Hannah nodded: “Amanda already wants to do such a thing and with this news that there remains zero contact between McSherry’s people and any of the Russians, there is no need to keep the surveillance going any longer. It’s costly and the resources are needed elsewhere.

So, yes: it’s all over with. We’re going to have to pass a file to the National Crime Agency, and I want you to focus on that, but it’ll be thin. We can’t give them much and, conversely, they won’t want much too less it come back to bite them when they – eventually – take McSherry to court. Clay is who we give them: an informant who knows what to do to make a case for them.”

“Nathan gives me the creeps, Hannah. You should see the way he looks at me. They way he undresses me with his eyes. The… I don’t know what else to call it but the ‘longing’ for me.”

“I’m sorry that you have had to deal with a situation that makes you uncomfortable.” There was genuine concern in Hannah’s voice there. “Such things are difficult when contacts, agents and informants alike seek to create an attachment, where they make their desires for romantic or sexual connections overtly known even without words.

You know that there are people here that I can have you talk with if you need further….”

“Oh, no, it’s okay.” Phoebe cut her off. “It’s fine: it really is.”

And it was.

She had dealt with Nathan’s attention with ease and wasn’t affected by them. What Phoebe noted at this moment and, once again made the effort to keep her face neutral, was how Hannah spoke of agents getting ‘attached’.

Hers – Katerina – had once been rather attached to Hannah… horizontally from what Phoebe could gather. Hannah though that no one knew about that yet she was remarkably incorrect in such a belief. Phoebe knew and Phoebe had told both Amanda & Richard of it all as well.

“Okay, as long as you’re sure, Fi-Fi.”

For just a moment, in an act which sickened Phoebe, Hannah touched her arm. It was always that way with Hannah. She was a personal space invader of the first order.

“I am.” She turned away and fled, stopping herself from asking if there was someone she could talk to about when your superiors give you the creeps.
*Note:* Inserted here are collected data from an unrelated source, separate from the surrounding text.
(* Let $K_n$ ($n\ge1$) and $K$ be unconstrained Sierpinski carpets with the same $k,N$, generated by $\{\Psi_{n,i}\}_{i=1}^N$ and $\{\Psi_i\}_{i=1}^N$ respectively. (a) If $\Psi_{n,i}\to\Psi_i$ for each $1\le i\le N$ (in the finite-dimensional linear space of affine maps), then $K_n\to K$ in the Hausdorff metric. (b) Conversely, if $K_n\to K$ in the Hausdorff metric, then after reordering $\{\Psi_{n,i}\}_{i=1}^N$ for each $n$, one has $\Psi_{n,i}\to\Psi_i$ for each $1\le i\le N$.
   Context: USC: integers $k\ge3$, $4(k-1)\le N\le k^2-1$; maps $\Psi_i(x)=x/k+c_i$ on $\square=[0,1]^2$ with pairwise intersections of the $\Psi_i(\square)$ a segment, point or empty, $\bigcup_i\Psi_i(\square)$ connected and invariant under the 8 isometries of $\square$, $[0,1]\times\{0\}\subset\bigcup_i\Psi_i(\square)\subset\square$; $K=\bigcup_i\Psi_iK$. *)

theory Defs
  imports "HOL-Analysis.Analysis"
begin

type_synonym pt = "real \<times> real"

definition unit_square :: "pt set" where
  "unit_square = cbox (0,0) (1,1)"

definition usc_map :: "nat \<Rightarrow> (nat \<Rightarrow> pt) \<Rightarrow> nat \<Rightarrow> pt \<Rightarrow> pt" where
  "usc_map k c i x = scaleR (1 / real k) x + c i"

definition square_isometries :: "(pt \<Rightarrow> pt) set" where
  "square_isometries =
     { (\<lambda>(x,y). (x,y)), (\<lambda>(x,y). (1-x,y)), (\<lambda>(x,y). (x,1-y)), (\<lambda>(x,y). (1-x,1-y)),
       (\<lambda>(x,y). (y,x)), (\<lambda>(x,y). (1-y,x)), (\<lambda>(x,y). (y,1-x)), (\<lambda>(x,y). (1-y,1-x)) }"

definition usc_cells :: "nat \<Rightarrow> nat \<Rightarrow> (nat \<Rightarrow> pt) \<Rightarrow> pt set" where
  "usc_cells k N c = (\<Union>i<N. usc_map k c i ` unit_square)"

definition usc_ifs :: "nat \<Rightarrow> nat \<Rightarrow> (nat \<Rightarrow> pt) \<Rightarrow> bool" where
  "usc_ifs k N c \<longleftrightarrow>
     k \<ge> 3 \<and> 4 * (k - 1) \<le> N \<and> N \<le> k\<^sup>2 - 1 \<and>
     (\<forall>i<N. \<forall>j<N. i \<noteq> j \<longrightarrow>
        (let S = usc_map k c i ` unit_square \<inter> usc_map k c j ` unit_square in
           S = {} \<or> (\<exists>p. S = {p}) \<or> (\<exists>a b. a \<noteq> b \<and> S = closed_segment a b))) \<and>
     connected (usc_cells k N c) \<and>
     (\<forall>g\<in>square_isometries. g ` usc_cells k N c = usc_cells k N c) \<and>
     {0..1} \<times> {0} \<subseteq> usc_cells k N c \<and>
     usc_cells k N c \<subseteq> unit_square"

definition usc_attractor :: "nat \<Rightarrow> nat \<Rightarrow> (nat \<Rightarrow> pt) \<Rightarrow> pt set \<Rightarrow> bool" where
  "usc_attractor k N c K \<longleftrightarrow>
     K \<noteq> {} \<and> compact K \<and> K = (\<Union>i<N. usc_map k c i ` K)"

definition hausdist :: "pt set \<Rightarrow> pt set \<Rightarrow> real" where
  "hausdist A B = max (SUP a\<in>A. infdist a B) (SUP b\<in>B. infdist b A)"

end

theory Submission
  imports Defs
begin

text \<open>
  (a) Both attractors are fixed points of the Hutchinson operators, which contract the Hausdorff
  distance by the factor 1/k and move a set by at most the distance between the translation
  vectors, so the Hausdorff distance of the attractors is at most k/(k-1) times the distance of
  the translation vectors.

  (b) For each n take the permutation matching the translation vectors of K_n best to those of
  K. If its cost did not tend to 0, by compactness some subsequence of the translation families
  would converge to a family d, and passing to the limit in K_n = \<Union> \<Psi>_{n,i} K_n gives
  K = \<Union> (K/k + d_i); the family d inherits the 1/k-separation of the cells of a USC. Such a
  separated family is determined by K: the vector e of the symmetric difference of two such
  families with least coordinate sum is the lower left corner of the cell e + K/k, and the
  points of this cell close to e along the diagonal can only be covered by a cell of the other
  family whose vector is lower than e but closer than 1/k to it. Hence d is a permutation of the
  vectors of K, contradicting the choice of the subsequence.
\<close>

lemma nonneg_le_div_self_imp_zero:
  fixes x :: real
  assumes "0 \<le> x" "x \<le> x / real k" "2 \<le> k"
  shows "x = 0"
proof -
  have "x * real k \<le> x" using assms(2,3) by (simp add: le_divide_eq)
  then have "x * (real k - 1) \<le> 0" by (simp add: algebra_simps)
  then show ?thesis using assms(1,3) by (simp add: mult_le_0_iff)
qed

lemma mem_closed_if_infdist_le_null:
  fixes A :: "'a::metric_space set"
  assumes "closed A" "A \<noteq> {}" "\<And>n. infdist p A \<le> b n" "b \<longlonglongrightarrow> 0"
  shows "p \<in> A"
proof -
  have "infdist p A \<le> 0"
    using assms(3) by (intro LIMSEQ_le_const[OF assms(4)]) auto
  then show ?thesis
    using infdist_nonneg[of p A] in_closed_iff_infdist_zero[OF assms(1,2)] by simp
qed

lemma finite_family_convergent_subseq:
  fixes f :: "nat \<Rightarrow> nat \<Rightarrow> 'a::topological_space"
  assumes S: "seq_compact S" and f: "\<And>n i. i < M \<Longrightarrow> f n i \<in> S"
  shows "\<exists>r l. strict_mono r \<and> (\<forall>i<M. (\<lambda>n. f (r n) i) \<longlonglongrightarrow> l i)"
  using f
proof (induction M)
  case 0
  show ?case using strict_mono_id by blast
next
  case (Suc M)
  then obtain r l where r: "strict_mono r" and l: "\<forall>i<M. (\<lambda>n. f (r n) i) \<longlonglongrightarrow> l i"
    by auto
  have "\<forall>n. f (r n) M \<in> S" using Suc.prems by simp
  then obtain x r' where r': "strict_mono r'" and x: "((\<lambda>n. f (r n) M) \<circ> r') \<longlonglongrightarrow> x"
    using seq_compactE[OF S] by metis
  have "(\<lambda>n. f ((r \<circ> r') n) i) \<longlonglongrightarrow> (l(M := x)) i" if "i < Suc M" for i
  proof (cases "i = M")
    case True
    then show ?thesis using x by (simp add: o_def)
  next
    case False
    then have "i < M" using that by simp
    then have "((\<lambda>n. f (r n) i) \<circ> r') \<longlonglongrightarrow> l i"
      using l by (intro LIMSEQ_subseq_LIMSEQ[OF _ r']) blast
    then show ?thesis using False by (simp add: o_def)
  qed
  then show ?case using strict_mono_o[OF r r'] by blast
qed

lemma LIMSEQ_if_subseqs_have_LIMSEQ_subseq:
  fixes X :: "nat \<Rightarrow> 'a::metric_space"
  assumes "\<And>r :: nat \<Rightarrow> nat. strict_mono r \<Longrightarrow>
    \<exists>r' :: nat \<Rightarrow> nat. strict_mono r' \<and> (X \<circ> r \<circ> r') \<longlonglongrightarrow> L"
  shows "X \<longlonglongrightarrow> L"
proof (rule ccontr)
  assume "\<not> X \<longlonglongrightarrow> L"
  then obtain \<epsilon> where "\<epsilon> > 0"
    and not_close: "\<not> eventually (\<lambda>n. dist (X n) L < \<epsilon>) sequentially"
    unfolding tendsto_iff by blast
  obtain r :: "nat \<Rightarrow> nat" where r: "strict_mono r" and far: "\<forall>n. \<not> dist (X (r n)) L < \<epsilon>"
    using not_eventually_sequentiallyD[OF not_close] by blast
  obtain r' where "(X \<circ> r \<circ> r') \<longlonglongrightarrow> L" using assms[OF r] by blast
  then have "eventually (\<lambda>n. dist ((X \<circ> r \<circ> r') n) L < \<epsilon>) sequentially"
    using \<open>\<epsilon> > 0\<close> tendsto_iff by blast
  then show False using far unfolding eventually_sequentially by auto
qed

lemma permutation_matching_images:
  assumes c: "inj_on c A" and d: "inj_on d A" and images: "c ` A = d ` A"
  obtains \<tau> where "\<tau> permutes A" "\<And>i. i \<in> A \<Longrightarrow> d (\<tau> i) = c i"
proof
  define \<tau> where "\<tau> i = (if i \<in> A then inv_into A d (c i) else i)" for i
  have "bij_betw c A (d ` A)" using c images by (simp add: bij_betw_def)
  moreover have "bij_betw (inv_into A d) (d ` A) A"
    using d by (rule bij_betw_inv_into[OF inj_on_imp_bij_betw])
  ultimately have "bij_betw (inv_into A d \<circ> c) A A" by (rule bij_betw_trans)
  then have "bij_betw \<tau> A A" by (rule bij_betw_cong[THEN iffD1, rotated]) (simp add: \<tau>_def)
  then show "\<tau> permutes A" by (rule bij_imp_permutes) (simp add: \<tau>_def)
  fix i assume "i \<in> A"
  then have "c i \<in> d ` A" using images by blast
  then show "d (\<tau> i) = c i" using \<open>i \<in> A\<close> by (simp add: \<tau>_def f_inv_into_f)
qed
(* Let $\mathbb{K}$ be a field equipped with a non-Archimedean valuation $|\cdot|$, and assume that the characteristic of $\mathbb{K}$ is not $2$. Let $\mathcal{X}$ be a non-Archimedean linear space over $\mathbb{K}$ with non-Archimedean norm $\|\cdot\|$. Write $|2|$ for the valuation of the element $2=1+1\in\mathbb{K}$ (a positive real number). Then for all $x, y \in \mathcal{X}$, \begin{align*} \Big|\|x\|-\|y\|\Big| &\leq \frac{2}{|2|}\max\{\|x-y\|, \|x+y\|\}-(\|x\|+\|y\|)\\ &\leq \frac{2}{|2|}\max\{\|x\|, \|y\|\}-(\|x\|+\|y\|) \end{align*} and \begin{align*} \Big|\|x\|-\|y\|\Big| \leq \|x\|+\|y\|-\frac{2}{|2|}\Big|\|x+y\|-\|x-y\|\Big|. \end{align*} In particular, if $|2|=1$, then for all $x,y\in\mathcal{X}$, \begin{align*} \Big|\|x\|-\|y\|\Big| &\leq 2\max\{\|x-y\|, \|x+y\|\}-(\|x\|+\|y\|)\leq 2\max\{\|x\|, \|y\|\}-(\|x\|+\|y\|) \end{align*} and \begin{align*} \Big|\|x\|-\|y\|\Big| \leq \|x\|+\|y\|-2\Big|\|x+y\|-\|x-y\|\Big|. \end{align*}
   Context: A non-Archimedean valuation on a field $\mathbb{K}$ is a map $|\cdot|:\mathbb{K}\to[0,\infty)$ such that: (i) $|\lambda|=0$ implies $\lambda=0$; (ii) $|\lambda\mu|=|\lambda||\mu|$ for all $\lambda,\mu\in\mathbb{K}$; (iii) $|\lambda+\mu|\le\max\{|\lambda|,|\mu|\}$ for all $\lambda,\mu\in\mathbb{K}$. A non-Archimedean linear space over such a field $\mathbb{K}$ is a vector space $\mathcal{X}$ over $\mathbb{K}$ with a map $\|\cdot\|:\mathcal{X}\to[0,\infty)$ such that: (i) $\|x\|=0$ implies $x=0$; (ii) $\|\lambda x\|=|\lambda|\|x\|$ for all $\lambda\in\mathbb{K}$, $x\in\mathcal{X}$; (iii) $\|x+y\|\le\max\{\|x\|,\|y\|\}$ for all $x,y\in\mathcal{X}$. In the statement, the numerator $2$ in $\frac{2}{|2|}$ is the real number $2$, and the outer absolute values $|\cdot|$ applied to differences of norms are ordinary real absolute values. *)

theory Defs
  imports Complex_Main
begin

definition nonarch_valuation :: "('k::field \<Rightarrow> real) \<Rightarrow> bool" where
  "nonarch_valuation v \<longleftrightarrow>
     (\<forall>a. 0 \<le> v a) \<and>
     (\<forall>a. v a = 0 \<longrightarrow> a = 0) \<and>
     (\<forall>a b. v (a * b) = v a * v b) \<and>
     (\<forall>a b. v (a + b) \<le> max (v a) (v b))"

definition nonarch_norm ::
  "('k::field \<Rightarrow> real) \<Rightarrow> ('k \<Rightarrow> 'x \<Rightarrow> 'x) \<Rightarrow> ('x::ab_group_add \<Rightarrow> real) \<Rightarrow> bool" where
  "nonarch_norm v scale N \<longleftrightarrow>
     (\<forall>x. 0 \<le> N x) \<and>
     (\<forall>x. N x = 0 \<longrightarrow> x = 0) \<and>
     (\<forall>a x. N (scale a x) = v a * N x) \<and>
     (\<forall>x y. N (x + y) \<le> max (N x) (N y))"

end

theory Submission
  imports Defs
begin

text \<open>Since \<open>2x = (x + y) + (x - y)\<close> and \<open>2y = (x + y) - (x - y)\<close>, the ultrametric inequality
  gives \<open>|2| max {\<parallel>x\<parallel>, \<parallel>y\<parallel>} \<le> max {\<parallel>x - y\<parallel>, \<parallel>x + y\<parallel>} \<le> max {\<parallel>x\<parallel>, \<parallel>y\<parallel>}\<close>. It also gives the
  reverse triangle inequality \<open>|\<parallel>u + w\<parallel> - \<parallel>u\<parallel>| \<le> \<parallel>w\<parallel>\<close>; applied to \<open>x + y = (x - y) + 2y\<close>
  it bounds \<open>|\<parallel>x + y\<parallel> - \<parallel>x - y\<parallel>|\<close> by \<open>|2| min {\<parallel>x\<parallel>, \<parallel>y\<parallel>}\<close>. The claims follow from
  \<open>|\<parallel>x\<parallel> - \<parallel>y\<parallel>| = 2 max {\<parallel>x\<parallel>, \<parallel>y\<parallel>} - (\<parallel>x\<parallel> + \<parallel>y\<parallel>) = \<parallel>x\<parallel> + \<parallel>y\<parallel> - 2 min {\<parallel>x\<parallel>, \<parallel>y\<parallel>}\<close>.\<close>

lemma nonarch_valuationD:
  assumes "nonarch_valuation v"
  shows "0 \<le> v a" and "v a = 0 \<Longrightarrow> a = 0" and "v (a * b) = v a * v b"
  using assms unfolding nonarch_valuation_def by blast+

lemma nonarch_valuation_one:
  assumes "nonarch_valuation v"
  shows "v 1 = 1"
proof -
  have "v 1 * v 1 = v 1"
    using nonarch_valuationD(3)[OF assms, of 1 1] by simp
  moreover have "v 1 \<noteq> 0"
    using nonarch_valuationD(2)[OF assms, of 1] by auto
  ultimately show ?thesis by simp
qed

lemma nonarch_valuation_minus_one:
  assumes "nonarch_valuation v"
  shows "v (-1) = 1"
proof -
  have "v (-1) ^ 2 = 1"
    using nonarch_valuationD(3)[OF assms, of "-1" "-1"] nonarch_valuation_one[OF assms]
    by (simp add: power2_eq_square)
  with nonarch_valuationD(1)[OF assms, of "-1"] show ?thesis
    by (simp add: power2_eq_1_iff)
qed

lemma nonarch_valuation_pos:
  assumes "nonarch_valuation v" and "a \<noteq> 0"
  shows "0 < v a"
  using nonarch_valuationD(1,2)[OF assms(1), of a] assms(2) by (auto simp: less_le)

locale nonarch_normed_space = vector_space scale
  for scale :: "'k::field \<Rightarrow> 'x::ab_group_add \<Rightarrow> 'x" +
  fixes v :: "'k \<Rightarrow> real" and N :: "'x \<Rightarrow> real"
  assumes valuation: "nonarch_valuation v"
    and norm: "nonarch_norm v scale N"
begin

lemma norm_nonneg: "0 \<le> N x"
  using norm unfolding nonarch_norm_def by simp

lemma norm_scale: "N (scale a x) = v a * N x"
  using norm unfolding nonarch_norm_def by simp

lemma norm_add_le_max: "N (x + y) \<le> max (N x) (N y)"
  using norm unfolding nonarch_norm_def by simp

lemma norm_minus: "N (- x) = N x"
  using norm_scale[of "-1" x] nonarch_valuation_minus_one[OF valuation]
  by (simp add: scale_minus_left)

lemma norm_minus_commute: "N (x - y) = N (y - x)"
  using norm_minus[of "y - x"] by simp

lemma norm_diff_le_max: "N (x - y) \<le> max (N x) (N y)"
  using norm_add_le_max[of x "- y"] by (simp add: norm_minus)

lemma norm_double: "N (x + x) = v 2 * N x"
proof -
  have "scale 2 x = x + x"
    using scale_left_distrib[of 1 1 x] by (simp add: one_add_one)
  then show ?thesis
    using norm_scale[of 2 x] by simp
qed

lemma abs_norm_add_diff_le: "\<bar>N (x + y) - N x\<bar> \<le> N y"
proof -
  have "N (x + y) \<le> max (N x) (N y)"
    by (rule norm_add_le_max)
  moreover have "N x \<le> max (N (x + y)) (N y)"
    using norm_diff_le_max[of "x + y" y] by simp
  ultimately show ?thesis
    using norm_nonneg[of x] norm_nonneg[of y] norm_nonneg[of "x + y"] by linarith
qed

lemma valuation_two_mult_max_le:
  "v 2 * max (N x) (N y) \<le> max (N (x - y)) (N (x + y))"
proof -
  have "v 2 * N x \<le> max (N (x - y)) (N (x + y))"
    using norm_add_le_max[of "x - y" "x + y"] by (simp add: norm_double[symmetric])
  moreover have "v 2 * N y \<le> max (N (x - y)) (N (x + y))"
    using norm_diff_le_max[of "x + y" "x - y"]
    by (simp add: norm_double[symmetric] max.commute)
  ultimately show ?thesis
    by (cases "N x \<le> N y") (simp_all add: max_def)
qed

lemma max_norm_diff_add_le: "max (N (x - y)) (N (x + y)) \<le> max (N x) (N y)"
  using norm_diff_le_max norm_add_le_max by simp

lemma abs_norm_add_minus_norm_diff_le:
  "\<bar>N (x + y) - N (x - y)\<bar> \<le> v 2 * min (N x) (N y)"
proof -
  have "\<bar>N (x + y) - N (x - y)\<bar> \<le> v 2 * N y" for x y
    using abs_norm_add_diff_le[of "x - y" "y + y"] by (simp add: norm_double)
  from this[of x y] this[of y x] show ?thesis
    by (simp add: add.commute norm_minus_commute)
qed

lemma norm_bounds:
  assumes "(2::'k) \<noteq> 0"
  shows "\<bar>N x - N y\<bar> \<le> (2 / v 2) * max (N (x - y)) (N (x + y)) - (N x + N y)"
    and "(2 / v 2) * max (N (x - y)) (N (x + y)) - (N x + N y)
           \<le> (2 / v 2) * max (N x) (N y) - (N x + N y)"
    and "\<bar>N x - N y\<bar> \<le> N x + N y - (2 / v 2) * \<bar>N (x + y) - N (x - y)\<bar>"
proof -
  have v2: "0 < v 2"
    using nonarch_valuation_pos[OF valuation assms] .
  have "2 * max (N x) (N y) = (2 / v 2) * (v 2 * max (N x) (N y))"
    using v2 by simp
  also have "\<dots> \<le> (2 / v 2) * max (N (x - y)) (N (x + y))"
    using valuation_two_mult_max_le v2 by (intro mult_left_mono) auto
  finally show "\<bar>N x - N y\<bar> \<le> (2 / v 2) * max (N (x - y)) (N (x + y)) - (N x + N y)"
    using max.cobounded1[of "N x" "N y"] max.cobounded2[of "N y" "N x"]
    unfolding abs_le_iff by linarith
  have "(2 / v 2) * max (N (x - y)) (N (x + y)) \<le> (2 / v 2) * max (N x) (N y)"
    using max_norm_diff_add_le v2 by (intro mult_left_mono) auto
  then show "(2 / v 2) * max (N (x - y)) (N (x + y)) - (N x + N y)
      \<le> (2 / v 2) * max (N x) (N y) - (N x + N y)"
    by (rule diff_right_mono)
  have "(2 / v 2) * \<bar>N (x + y) - N (x - y)\<bar> \<le> (2 / v 2) * (v 2 * min (N x) (N y))"
    using abs_norm_add_minus_norm_diff_le v2 by (intro mult_left_mono) auto
  also have "\<dots> = 2 * min (N x) (N y)"
    using v2 by simp
  finally show "\<bar>N x - N y\<bar> \<le> N x + N y - (2 / v 2) * \<bar>N (x + y) - N (x - y)\<bar>"
    using min.cobounded1[of "N x" "N y"] min.cobounded2[of "N y" "N x"]
    unfolding abs_le_iff by linarith
qed

end

theorem theorem2p1:
  fixes v :: "'k::field \<Rightarrow> real"
    and scale :: "'k \<Rightarrow> 'x::ab_group_add \<Rightarrow> 'x"
    and N :: "'x \<Rightarrow> real"
  assumes val: "nonarch_valuation v"
    and char: "(2::'k) \<noteq> 0"
    and vs: "vector_space scale"
    and nrm: "nonarch_norm v scale N"
  shows "(\<forall>x y.
            \<bar>N x - N y\<bar> \<le> (2 / v 2) * max (N (x - y)) (N (x + y)) - (N x + N y) \<and>
            (2 / v 2) * max (N (x - y)) (N (x + y)) - (N x + N y)
              \<le> (2 / v 2) * max (N x) (N y) - (N x + N y) \<and>
            \<bar>N x - N y\<bar> \<le> N x + N y - (2 / v 2) * \<bar>N (x + y) - N (x - y)\<bar>)
       \<and>
         (v 2 = 1 \<longrightarrow> (\<forall>x y.
            \<bar>N x - N y\<bar> \<le> 2 * max (N (x - y)) (N (x + y)) - (N x + N y) \<and>
            2 * max (N (x - y)) (N (x + y)) - (N x + N y) \<le> 2 * max (N x) (N y) - (N x + N y) \<and>
            \<bar>N x - N y\<bar> \<le> N x + N y - 2 * \<bar>N (x + y) - N (x - y)\<bar>))"
proof -
  interpret nonarch_normed_space scale v N
    by (intro nonarch_normed_space.intro nonarch_normed_space_axioms.intro vs val nrm)
  show ?thesis
    using norm_bounds[OF char] by (intro conjI impI allI) (simp_all only: div_by_1)
qed

end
When she went back to her desk, Phoebe replayed the whole conversation in her mind. She recalled exactly what she had said, what Hannah had said too. There could be no misunderstanding. Phoebe had lied to her, telling Hannah something about an operation that was entirely false.

Though Nathan hadn’t known it, it had been Katerina Dubova in that car with his boss McSherry. Whatever the conversation had been about – Phoebe once more silently chastised herself for not having Nathan record the meeting – the overarching theme of it would have been Katerina going to McSherry to somehow get hold of what Phoebe herself was after.

Money.

Katerina’s recent behaviour, from what Phoebe knew of it and how she interpreted that, was that she was soon for the jump. She was going to do a runner. When she did, the value that her name as a traitor had to the SVR from someone – Phoebe – giving them that would be next to nothing. Katerina running might even allow them to identify Ksenia as SPEARMINT too. Again, without Phoebe’s paid input for that.

Phoebe had to act as soon as possible or there would be no early retirement for her.

She had to get in contact with someone at the rezidentura, a place where so many eyes were upon it at the minute, and give them information while it was still valuable. Her actions had to remain undetected by her own people in MI-5 and not give away her identity to the Russians either. She had to get paid too, not get cheated out of giving away what she knew for nothing.

It was going to be tricky and it had to be done with haste too.